By Sir Patrick Vallance, Government Chief Scientific Adviser
Three days ago – Friday 11 March – marked two years since the World Health Organization officially declared Covid-19 a pandemic. And although the pandemic is not over, we have reached a stage where life in the UK is beginning to feel more normal again, and we are here thanks to science. It’s not possible to cover all the many accomplishments of scientists during the pandemic, but for the sake of brevity I want to pick out four – vaccines, therapeutics, genomics and SAGE.
Vaccines have dramatically changed the course of the pandemic and have done so much faster than anyone dared hope. This is thanks to new technologies, smart manufacturing, public-private partnerships, flexible innovation-focused approaches to regulation, and superb operational rollout. The first vaccines were ready for clinical trials within a month of WHO’s official declaration of a pandemic, with safe and effective Covid-19 vaccines available after just 307 days. The Vaccines Taskforce brought together expertise in vaccines, drug development, manufacturing and clinical trials from industry, academia and the public sector. The UK originated Oxford-Astra Zeneca vaccine has been a vital tool across the globe and saved many lives.
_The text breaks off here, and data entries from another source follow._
(* Let $k\in\mathbb{N}$ with $\gcd(k,6)=3$, let $h$ be an integer with $\gcd(h,k)=1$, and let $h'$ be an integer with $hh'\equiv-1\pmod{k}$ and $2\mid h'$. Then $$\frac{\omega_{2h,\frac{k}{3}}\,\omega_{2h,k}\,\omega_{h,k}}{\omega_{h,\frac{k}{3}}} =-\exp\!\left(- \frac{2\pi i}{36k} \left(-9k+9k^2+ h (-9+5k^2) - 2k^2h' \right)\right)$$ and $$\frac{\omega_{h,\frac{k}{3}}\,\omega_{2h,k}\,\omega_{h,k}}{\omega_{2h,\frac{k}{3}}^3} =-\exp\!\left(- \frac{2\pi i}{18k} \left(3k^2+ h (9+k^2) - k^2h' \right)\right).$$
   Context: For coprime integers $h$ and $K\ge1$, $\omega_{h,K}=\exp(\pi i\, s(h,K))$, where $s(h,K)=\sum_{r=1}^{K-1}\frac{r}{K}\left(\frac{hr}{K}-\lfloor \frac{hr}{K}\rfloor-\frac12\right)$ is the Dedekind sum (the multiplier of the Dedekind eta function). *)

theory Defs
  imports "HOL-Analysis.Analysis" "HOL-Number_Theory.Cong"
begin

definition dedekind_sum :: "int \<Rightarrow> nat \<Rightarrow> real" where
  "dedekind_sum h K = (\<Sum>r\<in>{1..<K}. (real r / real K) *
      (real_of_int h * real r / real K - of_int \<lfloor>real_of_int h * real r / real K\<rfloor> - 1/2))"

definition omega :: "int \<Rightarrow> nat \<Rightarrow> complex" where
  "omega h K = exp (complex_of_real pi * \<i> * complex_of_real (dedekind_sum h K))"

end

theory Submission
  imports Defs "HOL-Number_Theory.Modular_Inverse"
begin

(* Put k = 3m and N(a,K) = 12 K s(a,K), an integer:
   N(a,K) = 2a(K-1)(2K-1) - 12 T(a,K) - 3K(K-1) with T(a,K) = sum_{0<x<K} x floor(ax/K).
   Both identities state that a fixed integer combination of N(h,m), N(2h,m), N(h,3m), N(2h,3m)
   agrees with a polynomial in h, h', m modulo 216m.
   Modulo 108m this follows from the reciprocity law
   12 a T(a,K) + 12 K T(K,a) = 6K(K-1)(a-1)^2 + 3K(K-1)(a-1) + (a^2-1)(K-1)(2K-1),
   multiplied by h' (resp. h'/2), the inverse of -h (resp. -2h) modulo k.
   Since m is odd only the factor 8 remains.  There every T enters with a coefficient that is
   4 mod 8, so only the parity of T(h,m) + T(2h,m) + T(h,3m) + T(2h,3m) matters, and splitting
   the range of T(a,3m) into thirds shows that this parity is that of h + 1.
   Reciprocity needs h > 0, which is harmless since everything depends only on h mod 108m. *)

definition floor_sum :: "int \<Rightarrow> int \<Rightarrow> int" where
  "floor_sum a K = (\<Sum>x\<in>{1..<K}. x * (a * x div K))"

definition dedekind_numerator :: "int \<Rightarrow> int \<Rightarrow> int" where
  "dedekind_numerator a K = 2 * a * (K - 1) * (2 * K - 1) - 12 * floor_sum a K - 3 * K * (K - 1)"

lemma sum_atLeastLessThan_int_id:
  fixes K :: int
  assumes "K \<ge> 0"
  shows "2 * (\<Sum>x\<in>{1..<K}. x) = K * (K - 1)"
  using assms
proof (induction K rule: int_ge_induct)
  case (step i)
  show ?case
  proof (cases "i = 0")
    case False
    then have "{1..<i+1} = insert i {1..<i}" using step by auto
    then show ?thesis using step by (auto simp: algebra_simps)
  qed simp
qed simp

lemma sum_atLeastLessThan_int_square:
  fixes K :: int
  assumes "K \<ge> 0"
  shows "6 * (\<Sum>x\<in>{1..<K}. x^2) = (K - 1) * K * (2*K - 1)"
  using assms
proof (induction K rule: int_ge_induct)
  case (step i)
  show ?case
  proof (cases "i = 0")
    case False
    then have "{1..<i+1} = insert i {1..<i}" using step by auto
    then show ?thesis using step by (auto simp: algebra_simps power2_eq_square)
  qed simp
qed simp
In therapeutics, the RECOVERY trial delivered crucial therapeutic treatments and quickly identified what worked and what didn’t. At one stage something like 12 per cent of all hospitalised Covid-19 patients in the UK were included in the study and it was the fastest recruiting clinical trial of all time. RECOVERY showed that dexamethasone, an inexpensive and widely available steroid, reduced the risk of death for patients with severe disease and has subsequently saved around a million lives worldwide. Equally importantly, it showed which treatments did not work and stopped further unnecessary effort or misguided use.
Huge contributions were also made in genome sequencing. International collaboration is vital to detecting new variants quickly, and the UK has been a key contributor to this effort. The UK started to sequence samples from people infected with SARS-CoV-2 in March 2020, uploading them to a global database. At one stage the UK had contributed over 50% of all SARS-CoV-2 sequences and by February 2022, the UK had uploaded two million sequences. This was an extraordinary effort by a consortium of academic and public laboratories (COG-UK).
Throughout the pandemic, science has played a vital role and provided advice to government, including through the Scientific Advisory Group for Emergencies (SAGE), which I had the privilege to co-Chair with the Chief Medical Officer, Chris Whitty. Formation of a SAGE is triggered to provide emergency scientific and technical advice to decision makers in government and includes leading experts from a range of fields depending on the type of emergency. SAGE committees usually meet for a handful of meetings. In this case SAGE has met over 100 times and involved clinicians, epidemiologists, modellers, virologists, immunologists, behavioural scientists, public health doctors, and experts in therapeutics and vaccines, amongst others.
SAGE for the pandemic involved hundreds of independent experts who, like so many others over the past two years, have gone above and beyond to deliver high-quality outputs at speed, based on the best available evidence. This evidence has also been made available to the public throughout the pandemic with the publication of over 1,100 papers.
Of all the data and information considered at SAGE, the modelling has arguably piqued the greatest interest. Modellers have regularly produced scenarios to inform planning, using a range of assumptions to produce best and worst-case projections. Throughout the UK, people became familiar with R values and exponential curves.
The UK is fortunate to have world-renowned mathematical and epidemiological modellers and their expertise and insights have provided a crucial input to discussions at SAGE, where modelling was considered alongside other science to give advice to ministers and policy makers. The multiple studies set up to study everything from infection rates across the population (for example the ONS study), to the effects and duration of immunity in healthcare workers or schoolchildren, or the consequences of long covid, have been crucial to understanding this pandemic.
During British Science Week, we should celebrate these immense scientific efforts of the past two years from academia, industry, research institutes and government laboratories. The response to the pandemic was the biggest ever peacetime mobilisation of UK science towards a common goal. It saw unprecedented collaboration across disciplines and organisations. As we learn the lessons from this period, we must also maintain the momentum which has seen resources channelled into research, and has seen the British public rally behind science to solve the problems we face, including of course the challenge of climate change. It is up to all of us to build on this goodwill and use it to further establish the UK as a science superpower.